Poets live with silence: 
the silence before the poem; 
the silence when the poem comes;
the silence in between the words, as you
drink the words, watch them glide through your mind,
feel them slide down your throat
toward your heart ….

—Michael Shepherd, “Rumi’s Silence”

Silence, poetry and prayer have something in common—they connect us to the mysterious aspects of living. We can’t describe or explain mysteries. We can, however, experience them.
I first learned about the benefits of silence through a long association with poets. More recently after becoming a Benedictine oblate, I’ve gotten to know monks and nuns—collectively called monastics—who have deepened my understanding of the beauty and benefits of silence.
In the dark, it’s easier to see with peripheral vision than if we look directly at things. Since the experience of silence is inexplicable, I won’t attempt to describe what it does or how it benefits us. Instead I will give it a sideways glance, exploring its paradoxical attributes.

1. Silence is Paradoxical

Silence incorporates absence and presence.
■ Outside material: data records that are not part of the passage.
lemma sum_abs_diff_unimodal:
  fixes p :: "nat \<Rightarrow> real"
  assumes "a \<le> m" "m \<le> b"
    and "\<And>k. a \<le> k \<Longrightarrow> k < m \<Longrightarrow> p k \<le> p (Suc k)"
    and "\<And>k. m \<le> k \<Longrightarrow> k < b \<Longrightarrow> p (Suc k) \<le> p k"
  shows "(\<Sum>k=a..<b. \<bar>p k - p (Suc k)\<bar>) = (p m - p a) + (p m - p b)"
proof -
  have "(\<Sum>k=a..<b. \<bar>p k - p (Suc k)\<bar>)
      = (\<Sum>k=a..<m. \<bar>p k - p (Suc k)\<bar>) + (\<Sum>k=m..<b. \<bar>p k - p (Suc k)\<bar>)"
    using assms(1,2) by (simp add: sum.atLeastLessThan_concat)
  also have "(\<Sum>k=a..<m. \<bar>p k - p (Suc k)\<bar>) = (\<Sum>k=a..<m. p (Suc k) - p k)"
    using assms(3) by (intro sum.cong) auto
  also have "(\<Sum>k=m..<b. \<bar>p k - p (Suc k)\<bar>) = - (\<Sum>k=m..<b. p (Suc k) - p k)"
    unfolding sum_negf[symmetric] using assms(4) by (intro sum.cong) auto
  also have "(\<Sum>k=a..<m. p (Suc k) - p k) + - (\<Sum>k=m..<b. p (Suc k) - p k)
      = (p m - p a) + (p m - p b)"
    using assms(1,2) by (simp add: sum_Suc_diff')
  finally show ?thesis .
qed

lemma abs_sum_by_parts_le_peak:
  fixes D p :: "nat \<Rightarrow> real"
  assumes "0 < a" "a \<le> m" "m \<le> b" "D (a - 1) = 0"
    and D: "\<And>k. a \<le> k \<Longrightarrow> k \<le> b \<Longrightarrow> \<bar>D k\<bar> \<le> 1/2"
    and p: "\<And>k. 0 \<le> p k"
    and inc: "\<And>k. a \<le> k \<Longrightarrow> k < m \<Longrightarrow> p k \<le> p (Suc k)"
    and dec: "\<And>k. m \<le> k \<Longrightarrow> k < b \<Longrightarrow> p (Suc k) \<le> p k"
  shows "\<bar>\<Sum>k=a..b. (D k - D (k - 1)) * p k\<bar> \<le> p m"
proof -
  have "\<bar>\<Sum>k=a..b. (D k - D (k - 1)) * p k\<bar>
      = \<bar>D b * p b + (\<Sum>k=a..<b. D k * (p k - p (Suc k)))\<bar>"
    using sum_diff_mult_by_parts[OF assms(1) order_trans[OF assms(2,3)], of D p] assms(4) by simp
  also have "\<dots> \<le> \<bar>D b * p b\<bar> + (\<Sum>k=a..<b. \<bar>D k * (p k - p (Suc k))\<bar>)"
    by (intro order_trans[OF abs_triangle_ineq] add_left_mono sum_abs)
  also have "\<dots> = \<bar>D b\<bar> * p b + (\<Sum>k=a..<b. \<bar>D k\<bar> * \<bar>p k - p (Suc k)\<bar>)"
    using p[of b] by (simp add: abs_mult)
  also have "\<dots> \<le> 1/2 * p b + (\<Sum>k=a..<b. 1/2 * \<bar>p k - p (Suc k)\<bar>)"
    using D p[of b] assms(2,3) by (intro add_mono sum_mono mult_right_mono) auto
  also have "\<dots> = 1/2 * p b + 1/2 * ((p m - p a) + (p m - p b))"
    using sum_abs_diff_unimodal[of a m b p, OF assms(2,3) inc dec] by (simp only: sum_distrib_left[symmetric])
  also have "\<dots> \<le> p m" using p[of a] by (simp add: field_simps)
  finally show ?thesis .
qed
(* Let $N,n,q\ge1$ and let $A\in\mathbb{R}^{n\times n}$, $B_v\in\mathbb{R}^{n\times q}$, $G\in\mathbb{R}^{q\times n}$, $B_u\in\mathbb{R}^{n\times1}$, $C\in\mathbb{R}^{1\times n}$. Let $M_0,\dots,M_{q-1}\in\mathbb{R}^{N\times N}$ be simultaneously diagonalized by an invertible $T$, i.e. $T^{-1}M_iT=\Lambda_i=\mathrm{diag}(\lambda_0(M_i),\dots,\lambda_{N-1}(M_i))$ for each $i$. For $i=0,\dots,q-1$ let $\Delta_i\in\mathbb{R}^{q\times q}$ be the matrix with $(i,i)$ entry $1$ and all other entries $0$, and let $M=\sum_{i=0}^{q-1}M_i\otimes\Delta_i\in\mathbb{R}^{Nq\times Nq}$. Then $(T\otimes I_q)^{-1}M(T\otimes I_q)=\sum_{i=0}^{q-1}\Lambda_i\otimes\Delta_i$ is diagonal. Moreover, consider the linear system $$\dot{\tilde x}=\big[(I_N\otimes A)+(I_N\otimes B_v)M(I_N\otimes G)\big]\tilde x+(I_N\otimes B_u)\tilde u,\qquad \tilde y=(I_N\otimes C)\tilde x,$$ with constant input $\tilde u\in\mathbb{R}^N$, and assume $A+\sum_{i=0}^{q-1}\lambda_k(M_i)B_v\Delta_iG$ is invertible for every $k$. Then the steady-state readout $\tilde y^*$ satisfies $T^{-1}\tilde y^*=S\,T^{-1}\tilde u$ where $S$ is diagonal with entries $$[S]_{kk}=-C\Big(A+\sum_{i=0}^{q-1}\lambda_k(M_i)B_v\Delta_iG\Big)^{-1}B_u,\qquad k=0,\dots,N-1.$$
   Context: $\otimes$ denotes the Kronecker product, $I_m$ the $m\times m$ identity. This describes $N$ identical cells, each with $q$ coupling signals, where signal $i$ is transmitted between cells according to interconnection matrix $M_i$ (the system linearized about a homogeneous steady state). *)

theory Defs
  imports "Jordan_Normal_Form.Matrix"
begin
(* Let $\mathcal{X}\subseteq\mathbb{R}^{d_X}$, $\mathcal{Z}\subseteq\mathbb{R}^{d_Z}$, and let $\Theta=\Gamma\times\Delta\subseteq\mathbb{R}^{d_\gamma+d_\delta}$ be compact and non-empty. Let $X_1,\ldots,X_n$ and $Z_1,\ldots,Z_n$ be independent and identically distributed random vectors with the same distributions as random vectors $X$ (values in $\mathcal{X}$) and $Z$ (values in $\mathcal{Z}$), respectively. Let $G:\mathcal{Z}\times\Gamma\to\mathcal{X}$ and $D:\mathcal{X}\times\Delta\to(0,1)$ be functions, and define $F(x,z,\gamma,\delta)=\ln(D(x,\delta))+\ln(1-D(G(z,\gamma),\delta))$; assume $F(X,Z,\gamma,\delta)$ is measurable for every $(\gamma,\delta)\in\Theta$ and, with probability one, continuous in $(\gamma,\delta)$ on $\Theta$. Define $f(\gamma,\delta)=\mathbb{E}[F(X,Z,\gamma,\delta)]$, $\varphi(\gamma)=\sup_{\delta\in\Delta}f(\gamma,\delta)$, $V_0=\inf_{\gamma\in\Gamma}\varphi(\gamma)$, and $\Theta_0=\{(\gamma_0,\delta_0)\in\Theta: f(\gamma_0,\delta_0)=\varphi(\gamma_0)\text{ and }\varphi(\gamma_0)=V_0\}$. Define the sample quantities $\hat f_n(\gamma,\delta)=\frac1n\sum_{i=1}^nF(X_i,Z_i,\gamma,\delta)$, $\hat\varphi_n(\gamma)=\sup_{\delta\in\Delta}\hat f_n(\gamma,\delta)$, $\hat V_n=\inf_{\gamma\in\Gamma}\hat\varphi_n(\gamma)$, $\hat Q_n(\gamma,\delta)=\max\{\hat\varphi_n(\gamma)-\hat f_n(\gamma,\delta),\ \hat\varphi_n(\gamma)-\hat V_n\}$, and for a sequence of random variables $\tau_n$, $\hat\Theta_n(\tau_n)=\{\theta\in\Theta:\hat Q_n(\theta)\le\tau_n\}$. (a) Suppose $\sup_{\theta\in\Theta}|\hat f_n(\theta)-f(\theta)|\to 0$ in probability with $f$ continuous on $\Theta$, and suppose $\tau_n$ is a sequence of non-negative random variables with $\tau_n\to0$ in probability. Then $\sup_{\theta\in\hat\Theta_n(\tau_n)}d(\theta,\Theta_0)\to0$ in probability, and $\hat V_n\to V_0$ in probability. (b) Suppose $\sup_{\theta\in\Theta}|\hat f_n(\theta)-f(\theta)|\to 0$ in probability with $f$ continuous on $\Theta$ and moreover $\sup_{\theta\in\Theta}n^{1/2}|\hat f_n(\theta)-f(\theta)|=O_p(1)$, and suppose $\tau_n$ is a sequence of positive random variables with $\tau_n\to0$ in probability and $n^{-1/2}/\tau_n\to0$ in probability. Then $\sup_{\theta\in\Theta_0}d(\theta,\hat\Theta_n(\tau_n))\to0$ in probability, so that $d_H(\hat\Theta_n(\tau_n),\Theta_0)\to0$ in probability.
   Context: $|\cdot|$ is the Euclidean norm; for a point $a$ and a set $B$, $d(a,B)=\inf_{b\in B}|a-b|$. For non-empty bounded sets $A,B$ the Hausdorff distance is $d_H(A,B)=\max\{\sup_{a\in A}d(a,B),\sup_{b\in B}d(b,A)\}$. $O_p(1)$ denotes a sequence of random variables bounded in probability. $\Theta_0$ is the set of solutions of the population minimax problem $\inf_{\gamma}\sup_{\delta}f(\gamma,\delta)$ and $\hat\Theta_n(\tau_n)$ the set of $\tau_n$-approximate solutions of the sample problem $\inf_\gamma\sup_\delta\hat f_n(\gamma,\delta)$. *)

theory Defs
  imports "HOL-Probability.Probability"
begin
It is common to think of silence as the lack of sound, but pure silence is something few of us ever experience. For me, silence is a place where distracting or disturbing noises will not disrupt the ability to concentrate, meditate, pray, rest, listen, dream or create. Silence, then, is that which is not there, an absence of noise.

Silence is a state of being that creative or meditative people seek because it allows them, as poet Jane Hirschfeld writes, to “flush from the deep thickets of the self some thought, feeling, comprehension, question, music, [they] didn’t know was in [them], or in the world.”

This work of “flushing,” as every hunter, photographer, poet and spiritual seeker knows, requires that we remain quiet. If we charge heedless through woods or words, talking out loud or preoccupied with worries and plans, whatever we’re after will hunker down and hide. To flush out that of which we’re not aware, we must master our impulsive instincts, quiet our relentless egos, and relinquish our desire to make something happen. This is simple yet difficult work. We wait for some thing to change position and emerge, allowing us to discover its presence.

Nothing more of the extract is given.